Would you restate the entries below word for word, starting at the first line and ending with the one that has "and the total"?

===== PROVIDED ENTRIES

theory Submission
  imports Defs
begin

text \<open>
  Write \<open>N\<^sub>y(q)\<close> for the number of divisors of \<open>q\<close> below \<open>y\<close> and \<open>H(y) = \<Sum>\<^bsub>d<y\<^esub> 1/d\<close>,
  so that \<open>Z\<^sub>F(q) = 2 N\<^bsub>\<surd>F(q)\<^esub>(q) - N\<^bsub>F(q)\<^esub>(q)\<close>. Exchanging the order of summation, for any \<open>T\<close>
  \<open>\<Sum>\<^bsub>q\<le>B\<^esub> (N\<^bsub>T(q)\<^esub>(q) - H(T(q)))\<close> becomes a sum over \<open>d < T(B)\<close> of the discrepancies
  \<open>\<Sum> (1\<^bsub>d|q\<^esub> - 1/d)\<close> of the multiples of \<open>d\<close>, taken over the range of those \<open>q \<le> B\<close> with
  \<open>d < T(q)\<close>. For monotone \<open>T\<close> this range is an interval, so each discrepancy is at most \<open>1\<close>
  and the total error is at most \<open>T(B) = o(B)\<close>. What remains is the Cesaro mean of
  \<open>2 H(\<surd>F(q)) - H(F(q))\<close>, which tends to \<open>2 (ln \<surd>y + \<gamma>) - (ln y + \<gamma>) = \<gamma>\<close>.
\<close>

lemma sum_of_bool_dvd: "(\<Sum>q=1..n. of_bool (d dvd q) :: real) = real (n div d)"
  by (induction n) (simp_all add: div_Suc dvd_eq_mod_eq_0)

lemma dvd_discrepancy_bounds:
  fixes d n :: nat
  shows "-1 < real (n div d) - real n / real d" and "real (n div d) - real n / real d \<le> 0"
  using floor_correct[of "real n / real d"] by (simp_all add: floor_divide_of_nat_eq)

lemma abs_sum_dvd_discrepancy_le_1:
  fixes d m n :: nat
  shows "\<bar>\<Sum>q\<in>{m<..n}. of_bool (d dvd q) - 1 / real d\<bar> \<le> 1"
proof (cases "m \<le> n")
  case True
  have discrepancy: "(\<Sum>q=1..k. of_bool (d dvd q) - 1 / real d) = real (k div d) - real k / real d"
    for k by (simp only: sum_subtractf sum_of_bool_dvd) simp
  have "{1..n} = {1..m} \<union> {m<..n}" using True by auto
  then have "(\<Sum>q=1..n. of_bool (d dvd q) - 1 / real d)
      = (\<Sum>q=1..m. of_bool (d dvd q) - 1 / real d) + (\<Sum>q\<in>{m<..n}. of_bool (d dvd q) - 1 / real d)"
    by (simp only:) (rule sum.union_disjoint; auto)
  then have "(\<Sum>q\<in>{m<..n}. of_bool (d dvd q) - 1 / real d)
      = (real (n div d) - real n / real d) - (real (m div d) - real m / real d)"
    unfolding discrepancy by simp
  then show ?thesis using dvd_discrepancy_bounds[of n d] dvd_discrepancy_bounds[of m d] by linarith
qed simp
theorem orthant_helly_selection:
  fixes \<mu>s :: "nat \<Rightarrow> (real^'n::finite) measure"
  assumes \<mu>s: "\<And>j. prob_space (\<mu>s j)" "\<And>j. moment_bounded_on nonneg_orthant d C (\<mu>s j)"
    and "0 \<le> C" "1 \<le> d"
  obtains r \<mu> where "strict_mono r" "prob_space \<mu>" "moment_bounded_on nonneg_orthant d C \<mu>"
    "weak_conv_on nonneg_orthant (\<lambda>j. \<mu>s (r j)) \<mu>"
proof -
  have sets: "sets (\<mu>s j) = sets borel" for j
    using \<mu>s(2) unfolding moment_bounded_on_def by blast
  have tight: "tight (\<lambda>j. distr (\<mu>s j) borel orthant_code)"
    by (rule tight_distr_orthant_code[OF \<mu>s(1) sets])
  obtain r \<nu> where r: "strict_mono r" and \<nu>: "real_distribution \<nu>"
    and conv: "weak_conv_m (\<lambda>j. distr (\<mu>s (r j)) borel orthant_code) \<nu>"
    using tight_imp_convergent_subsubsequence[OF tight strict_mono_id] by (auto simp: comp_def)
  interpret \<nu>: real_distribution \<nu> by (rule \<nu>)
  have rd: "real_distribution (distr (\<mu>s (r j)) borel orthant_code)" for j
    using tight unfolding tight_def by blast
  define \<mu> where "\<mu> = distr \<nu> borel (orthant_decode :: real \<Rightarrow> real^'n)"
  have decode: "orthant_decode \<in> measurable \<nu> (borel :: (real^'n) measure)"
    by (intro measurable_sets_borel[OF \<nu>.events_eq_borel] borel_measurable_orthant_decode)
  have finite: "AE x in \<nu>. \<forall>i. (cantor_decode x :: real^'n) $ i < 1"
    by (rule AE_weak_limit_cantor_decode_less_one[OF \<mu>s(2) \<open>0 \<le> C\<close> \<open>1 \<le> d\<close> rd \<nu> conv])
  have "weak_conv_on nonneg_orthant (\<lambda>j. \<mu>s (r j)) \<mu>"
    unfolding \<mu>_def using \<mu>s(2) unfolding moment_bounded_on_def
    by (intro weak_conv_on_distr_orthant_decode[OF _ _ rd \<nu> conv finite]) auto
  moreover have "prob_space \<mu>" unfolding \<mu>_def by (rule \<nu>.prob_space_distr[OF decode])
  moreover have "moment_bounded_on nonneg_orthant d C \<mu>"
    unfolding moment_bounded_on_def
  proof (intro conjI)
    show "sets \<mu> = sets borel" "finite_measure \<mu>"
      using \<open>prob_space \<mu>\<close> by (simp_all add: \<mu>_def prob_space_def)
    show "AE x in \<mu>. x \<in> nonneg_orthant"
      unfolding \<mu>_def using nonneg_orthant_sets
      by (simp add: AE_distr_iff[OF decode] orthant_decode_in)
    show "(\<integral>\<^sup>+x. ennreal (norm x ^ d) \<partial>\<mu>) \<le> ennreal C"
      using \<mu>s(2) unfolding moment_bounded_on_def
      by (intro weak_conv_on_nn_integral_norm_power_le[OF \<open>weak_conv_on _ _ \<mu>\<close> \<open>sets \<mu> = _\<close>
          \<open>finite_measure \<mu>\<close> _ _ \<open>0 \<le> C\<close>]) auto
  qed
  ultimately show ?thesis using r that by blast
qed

==========

◆ **ANSWER SPACE**
theory Submission
  imports Defs
begin

text \<open>
  Write \<open>N\<^sub>y(q)\<close> for the number of divisors of \<open>q\<close> below \<open>y\<close> and \<open>H(y) = \<Sum>\<^bsub>d<y\<^esub> 1/d\<close>,
  so that \<open>Z\<^sub>F(q) = 2 N\<^bsub>\<surd>F(q)\<^esub>(q) - N\<^bsub>F(q)\<^esub>(q)\<close>. Exchanging the order of summation, for any \<open>T\<close>
  \<open>\<Sum>\<^bsub>q\<le>B\<^esub> (N\<^bsub>T(q)\<^esub>(q) - H(T(q)))\<close> becomes a sum over \<open>d < T(B)\<close> of the discrepancies
  \<open>\<Sum> (1\<^bsub>d|q\<^esub> - 1/d)\<close> of the multiples of \<open>d\<close>, taken over the range of those \<open>q \<le> B\<close> with
  \<open>d < T(q)\<close>. For monotone \<open>T\<close> this range is an interval, so each discrepancy is at most \<open>1\<close>
  and the total error is at most \<open>T(B) = o(B)\<close>. What remains is the Cesaro mean of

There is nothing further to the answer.